Split half reliability is a way to measure the overall consistency of a test or an exam. Suppose a professor designs an exam to test a student’s knowledge of history. Suppose the questions are randomly divided into two halves and the student answers both parts.

If the test is well designed it is reasonable to expect that if the student performs well on one half then he also performs well on the other half of the test. If that does not happen we can conclude that the test has been designed poorly and is not a reliable way to measure a student’s knowledge of history.

The method explained in the above example where we split a test/exam randomly into two parts to check for the internal consistency of the exam is called split half reliability.

**Procedure to carry out split half reliability testing**:

1. Divide the test into two parts; say part A and Part B. It is better to divide randomly than follow a fixed pattern because it eliminates bias on the part of the researcher.

2. Give the two parts separately as two different steps to some number of students.

3. If the performance of students in part A of the test is broadly similar to their performance in part B of the test, we conclude that the exam is internally consistent and reliable.

4. If the performance of students in part A of the test is very dissimilar to their performance in part B of the test, we conclude that the exam is not internally consistent.

**Example** **1**: Suppose a test was split into two parts and given to 100 students. If the correlation coefficient between the marks obtained in the two parts is 0.977 what can we conclude?

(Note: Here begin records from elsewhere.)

(* In the central objective estimation setting described in the context, for every $t$, \[ \mathbb{E}\|g^{0,b}_t(\theta^c_t)\|^2\le2\,\mathbb{E}\|\Delta\theta^c_t\|^2+2\sigma^2n^{-1}. \]
   Context: $n$ agents with environment distributions $\mu^i$ on $\mathcal{S}$, $\mu^0=\frac1n\sum_i\mu^i$; shared $\Phi:\mathcal{S}\to\mathbb{R}^{d\times d}$ with $\|\Phi(s)\|\le1$, $\bar\Phi^0=\mathbb{E}_{\mu^0}\Phi(s)$ with $\frac12(\bar\Phi^0+(\bar\Phi^0)^T)\succ0$; objectives $b^i(s)=\Phi(s)\theta^i_*$; $\bar b^0=\frac1n\sum_i\mathbb{E}_{\mu^i}b^i(s)$; $\theta^c_*$ solves $\bar\Phi^0\theta^c_*=\bar b^0$. Constants: $G_b=\max\{\max_i\|\theta^i_*\|,\|\theta^c_*\|\}$, $G_A\ge\sup_s\|A(s)\|$ for a shared feature map $A$, $G_x\ge0$, and $\sigma=2\max\{G_AG_x,G_b\}$ (so in particular $\sigma\ge2G_b$). Iteration: at each step each agent $i$ draws $s^i_t\sim\mu^i$ independently of everything else, $g^{0,b}_t(\theta)=\frac1n\sum_{i=1}^n(\Phi(s^i_t)\theta-b^i(s^i_t))$, $\theta^c_{t+1}=\theta^c_t-\alpha^b_tg^{0,b}_t(\theta^c_t)$ with deterministic step sizes and arbitrary $\theta^c_0$; $\Delta\theta^c_t=\theta^c_t-\theta^c_*$. *)

theory Defs
  imports "HOL-Analysis.Analysis" "HOL-Probability.Probability"
begin

definition posdef_mat :: "real^'d^'d \<Rightarrow> bool" where
  "posdef_mat P \<longleftrightarrow> (\<forall>x. x \<noteq> 0 \<longrightarrow> 0 < x \<bullet> (P *v x))"

text \<open>Averaged stochastic semi-gradient
  g^{0,b}(theta) = (1/n) sum_i (Phi(s_i) theta - b^i(s_i)),  b^i(s) = Phi(s) theta^i_*.\<close>
definition g0b :: "nat \<Rightarrow> ('s \<Rightarrow> real^'d^'d) \<Rightarrow> (nat \<Rightarrow> real^'d) \<Rightarrow> (nat \<Rightarrow> 's)
    \<Rightarrow> real^'d \<Rightarrow> real^'d" where
  "g0b n \<Phi> \<theta>s smp \<theta> =
     inverse (real n) *\<^sub>R (\<Sum>i<n. \<Phi> (smp i) *v \<theta> - \<Phi> (smp i) *v \<theta>s i)"

end

theory Submission
  imports Defs
begin

(* Write g theta for the averaged semi-gradient at the samples of step t. Every Phi s has
   operator norm at most 1, so g is 1-Lipschitz and pointwise
   norm (g theta_t) <= norm (theta_t - theta_cs) + norm (g theta_cs); squaring gives the first
   term of the bound, without any independence between theta_t and the fresh samples.
   The vector g theta_cs is the mean of the n independent vectors Phi (s_i) (theta_cs - theta_s i),
   each of norm at most 2 G_b <= sigma, and it is centred by the defining equation of theta_cs.
   For independent vectors the cross terms of E ||sum Y_i||^2 factor into products of means,
   so E ||sum Y_i||^2 <= sum E ||Y_i||^2 <= n sigma^2, i.e. E ||g theta_cs||^2 <= sigma^2 / n.
   The iterates are bounded by induction, which makes every integral involved a genuine one. *)

section \<open>Matrices acting on vectors\<close>

lemma bounded_linear_matrix_vector_mult_left:
  "bounded_linear (\<lambda>A::real^'n^'m. A *v x)"
proof -
  have "linear (\<lambda>A::real^'n^'m. A *v x)"
    by (intro linearI) (simp_all add: matrix_vector_mult_add_rdistrib scaleR_matrix_vector_assoc)
  then show ?thesis by (simp add: linear_conv_bounded_linear)
qed

lemma sum_matrix_vector_mult:
  fixes A :: "'i \<Rightarrow> real^'n^'m"
  shows "(\<Sum>i\<in>I. A i) *v x = (\<Sum>i\<in>I. A i *v x)"
  by (induction I rule: infinite_finite_induct) (simp_all add: matrix_vector_mult_add_rdistrib)

lemma borel_measurable_matrix_vector_mult [measurable]:
  fixes F :: "'a \<Rightarrow> real^'n^'m"
  assumes "F \<in> borel_measurable M" "v \<in> borel_measurable M"
  shows "(\<lambda>\<omega>. F \<omega> *v v \<omega>) \<in> borel_measurable M"
proof (rule borel_measurable_continuous_Pair[OF assms, where H="(*v)"])
  show "continuous_on UNIV (\<lambda>p::(real^'n^'m) \<times> (real^'n). fst p *v snd p)"
    unfolding matrix_vector_mult_def by (intro continuous_on_vec_lambda continuous_intros)
qed

lemma norm_matrix_le_onorm:
  fixes A :: "real^'n^'m"
  shows "norm A \<le> real CARD('m) * real CARD('n) * onorm ((*v) A)"
proof -
  have "norm A \<le> (\<Sum>r\<in>UNIV. norm (A $ r))"
    unfolding norm_vec_def by (rule L2_set_le_sum) simp
  also have "\<dots> \<le> (\<Sum>r\<in>UNIV. \<Sum>c\<in>UNIV. \<bar>A $ r $ c\<bar>)"
    by (intro sum_mono norm_le_l1_cart)
  also have "\<dots> \<le> (\<Sum>r\<in>(UNIV::'m set). \<Sum>c\<in>(UNIV::'n set). onorm ((*v) A))"
    by (intro sum_mono matrix_component_le_onorm)
  finally show ?thesis by simp
qed

lemma norm_matrix_vector_mult_le:
  fixes A :: "real^'n^'m"
  assumes "onorm ((*v) A) \<le> 1"
  shows "norm (A *v x) \<le> norm x"
proof -
  have "norm (A *v x) \<le> onorm ((*v) A) * norm x"
    by (rule onorm[OF matrix_vector_mul_bounded_linear])
  also have "\<dots> \<le> norm x"
    using mult_right_mono[OF assms norm_ge_zero] by simp
  finally show ?thesis .
qed

lemma (in finite_measure) integrable_matrix_onorm_bounded:
  fixes F :: "'a \<Rightarrow> real^'n^'m"
  assumes "F \<in> borel_measurable M" and "\<And>x. x \<in> space M \<Longrightarrow> onorm ((*v) (F x)) \<le> B"
  shows "integrable M F"
proof (rule integrable_const_bound[OF AE_I2])
  fix x assume "x \<in> space M"
  have "norm (F x) \<le> real CARD('m) * real CARD('n) * onorm ((*v) (F x))"
    by (rule norm_matrix_le_onorm)
  also have "\<dots> \<le> real CARD('m) * real CARD('n) * B"
    using assms(2)[OF \<open>x \<in> space M\<close>] by (intro mult_left_mono) simp_all
  finally show "norm (F x) \<le> real CARD('m) * real CARD('n) * B" .
qed (rule assms(1))

section \<open>Second moments of sums of independent random vectors\<close>

lemma (in finite_measure) integrable_power2_norm_bounded:
  fixes f :: "'a \<Rightarrow> 'b::{banach, second_countable_topology}"
  assumes "f \<in> borel_measurable M" and "\<And>x. x \<in> space M \<Longrightarrow> norm (f x) \<le> B"
  shows "integrable M (\<lambda>x. (norm (f x))\<^sup>2)"
proof (rule integrable_const_bound[OF AE_I2])
  fix x assume "x \<in> space M"
  then show "norm ((norm (f x))\<^sup>2) \<le> B\<^sup>2"
    using assms(2) by (simp add: power_mono)
qed (use assms(1) in measurable)

lemma (in prob_space) indep_sets_reindex:
  assumes indep: "indep_sets F (f ` I)" and inj: "inj_on f I"
  shows "indep_sets (\<lambda>i. F (f i)) I"
proof (rule indep_setsI)
  show "F (f i) \<subseteq> events" if "i \<in> I" for i
    using indep that by (auto simp: indep_sets_def)
next
  fix A J assume J: "J \<noteq> {}" "J \<subseteq> I" "finite J" and A: "\<forall>j\<in>J. A j \<in> F (f j)"
  define B where "B = A \<circ> the_inv_into J f"
  have inj_J: "inj_on f J" using inj J(2) by (rule inj_on_subset)
  have B: "B (f j) = A j" if "j \<in> J" for j
    using the_inv_into_f_f[OF inj_J that] by (simp add: B_def)
  have "prob (\<Inter>k\<in>f ` J. B k) = (\<Prod>k\<in>f ` J. prob (B k))"
    by (rule indep_setsD[OF indep]) (use J A B in auto)
  then show "prob (\<Inter>j\<in>J. A j) = (\<Prod>j\<in>J. prob (A j))"
    by (simp add: prod.reindex[OF inj_J] B)
qed

lemma (in prob_space) indep_vars_reindex:
  assumes "indep_vars M' X (f ` I)" and "inj_on f I"
  shows "indep_vars (\<lambda>i. M' (f i)) (\<lambda>i. X (f i)) I"
  using assms indep_sets_reindex[of "\<lambda>i. {X i -` A \<inter> space M | A. A \<in> sets (M' i)}" f I]
  unfolding indep_vars_def2 by auto

lemma (in prob_space) indep_vars_integral_inner:
  fixes X :: "'i \<Rightarrow> 'a \<Rightarrow> 'b::euclidean_space"
  assumes indep: "indep_vars (\<lambda>_. borel) X I" and ij: "i \<in> I" "j \<in> I" "i \<noteq> j"
    and int: "integrable M (X i)" "integrable M (X j)"
  shows "integrable M (\<lambda>\<omega>. X i \<omega> \<bullet> X j \<omega>)"
    and "(\<integral>\<omega>. X i \<omega> \<bullet> X j \<omega> \<partial>M) = (\<integral>\<omega>. X i \<omega> \<partial>M) \<bullet> (\<integral>\<omega>. X j \<omega> \<partial>M)"
proof -
  have int_b: "integrable M (\<lambda>\<omega>. (X i \<omega> \<bullet> b) * (X j \<omega> \<bullet> b))"
    and eq_b: "(\<integral>\<omega>. (X i \<omega> \<bullet> b) * (X j \<omega> \<bullet> b) \<partial>M)
                 = ((\<integral>\<omega>. X i \<omega> \<partial>M) \<bullet> b) * ((\<integral>\<omega>. X j \<omega> \<partial>M) \<bullet> b)" for b
  proof -
    let ?Xb = "\<lambda>k \<omega>. X k \<omega> \<bullet> b"
    have indep_b: "indep_vars (\<lambda>_. borel) ?Xb {i, j}"
      by (rule indep_vars_subset[OF indep_vars_compose2[OF indep]]) (use ij in auto)
    have int_k: "integrable M (?Xb k)" if "k \<in> {i, j}" for k
      using that int by auto
    show "integrable M (\<lambda>\<omega>. (X i \<omega> \<bullet> b) * (X j \<omega> \<bullet> b))"
      using indep_vars_integrable[OF _ indep_b int_k] ij(3) by simp
    show "(\<integral>\<omega>. (X i \<omega> \<bullet> b) * (X j \<omega> \<bullet> b) \<partial>M)
                 = ((\<integral>\<omega>. X i \<omega> \<partial>M) \<bullet> b) * ((\<integral>\<omega>. X j \<omega> \<partial>M) \<bullet> b)"
      using indep_vars_lebesgue_integral[OF _ indep_b int_k] ij(3) int by simp
  qed
  show "integrable M (\<lambda>\<omega>. X i \<omega> \<bullet> X j \<omega>)"
    by (subst euclidean_inner) (simp add: int_b)
  show "(\<integral>\<omega>. X i \<omega> \<bullet> X j \<omega> \<partial>M) = (\<integral>\<omega>. X i \<omega> \<partial>M) \<bullet> (\<integral>\<omega>. X j \<omega> \<partial>M)"
    by (subst (1 2) euclidean_inner) (simp add: int_b eq_b)
qed

lemma (in prob_space) integral_norm_sum_indep_vars_squared:
  fixes X :: "'i \<Rightarrow> 'a \<Rightarrow> 'b::euclidean_space"
  assumes "finite I" and indep: "indep_vars (\<lambda>_. borel) X I"
    and int: "\<And>i. i \<in> I \<Longrightarrow> integrable M (X i)"
    and int_sq: "\<And>i. i \<in> I \<Longrightarrow> integrable M (\<lambda>\<omega>. (norm (X i \<omega>))\<^sup>2)"
  shows "(\<integral>\<omega>. (norm (\<Sum>i\<in>I. X i \<omega>))\<^sup>2 \<partial>M)
           = (norm (\<Sum>i\<in>I. \<integral>\<omega>. X i \<omega> \<partial>M))\<^sup>2
             + (\<Sum>i\<in>I. (\<integral>\<omega>. (norm (X i \<omega>))\<^sup>2 \<partial>M) - (norm (\<integral>\<omega>. X i \<omega> \<partial>M))\<^sup>2)"
proof -
  define m where "m i = (\<integral>\<omega>. X i \<omega> \<partial>M)" for i
  define v where "v i = (\<integral>\<omega>. (norm (X i \<omega>))\<^sup>2 \<partial>M) - (norm (m i))\<^sup>2" for i
  have int_inner: "integrable M (\<lambda>\<omega>. X i \<omega> \<bullet> X j \<omega>)" if "i \<in> I" "j \<in> I" for i j
    using int_sq[OF that(1)] indep_vars_integral_inner(1)[OF indep that _ int[OF that(1)] int[OF that(2)]]
    by (cases "i = j") (simp_all add: power2_norm_eq_inner)
  have integral_inner:
    "(\<integral>\<omega>. X i \<omega> \<bullet> X j \<omega> \<partial>M) = m i \<bullet> m j + (if i = j then v i else 0)"
    if "i \<in> I" "j \<in> I" for i j
    using indep_vars_integral_inner(2)[OF indep that _ int[OF that(1)] int[OF that(2)]]
    by (cases "i = j") (simp_all add: m_def v_def power2_norm_eq_inner)
  have "(\<integral>\<omega>. (norm (\<Sum>i\<in>I. X i \<omega>))\<^sup>2 \<partial>M) = (\<integral>\<omega>. (\<Sum>i\<in>I. \<Sum>j\<in>I. X i \<omega> \<bullet> X j \<omega>) \<partial>M)"
    by (simp only: power2_norm_eq_inner inner_sum_left) (simp only: inner_sum_right)
  also have "\<dots> = (\<Sum>i\<in>I. \<Sum>j\<in>I. \<integral>\<omega>. X i \<omega> \<bullet> X j \<omega> \<partial>M)"
    using int_inner by (simp add: Bochner_Integration.integral_sum Bochner_Integration.integrable_sum)
  also have "\<dots> = (\<Sum>i\<in>I. \<Sum>j\<in>I. m i \<bullet> m j) + (\<Sum>i\<in>I. v i)"
    using \<open>finite I\<close> by (simp add: integral_inner sum.distrib)
  also have "(\<Sum>i\<in>I. \<Sum>j\<in>I. m i \<bullet> m j) = (norm (\<Sum>i\<in>I. m i))\<^sup>2"
    by (simp only: power2_norm_eq_inner inner_sum_left) (simp only: inner_sum_right)
  finally show ?thesis by (simp add: m_def v_def)
qed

**Solution**: The marks obtained in the two parts are similar and correlated 97.7% of the time. This means that if a student performs well in part A he also performs well in part B. Thus we conclude that the test has high consistency and reliability.

**Example** **2**: Suppose a test was split into two parts and given to 60 students. If the correlation coefficient between the marks obtained in the two parts is -0.177 what can we conclude?

**Solution**: The marks obtained in the two parts have a negative correlation. This means that if a student performs well in part A then he does not perform well in part B.

Thus we conclude that the test is not internally consistent. The test contains questions belonging to two different kinds of subjects and needs to be redesigned to be internally consistent.

**Split half reliability and Alternate Forms reliability**:

The concept of split half reliability must not be confused with that of alternate forms reliability. Alternate forms reliability involves administering the same test twice with minor changes at two different points of time whereas split half reliability involves dividing the test randomly into two parts and administering them only once.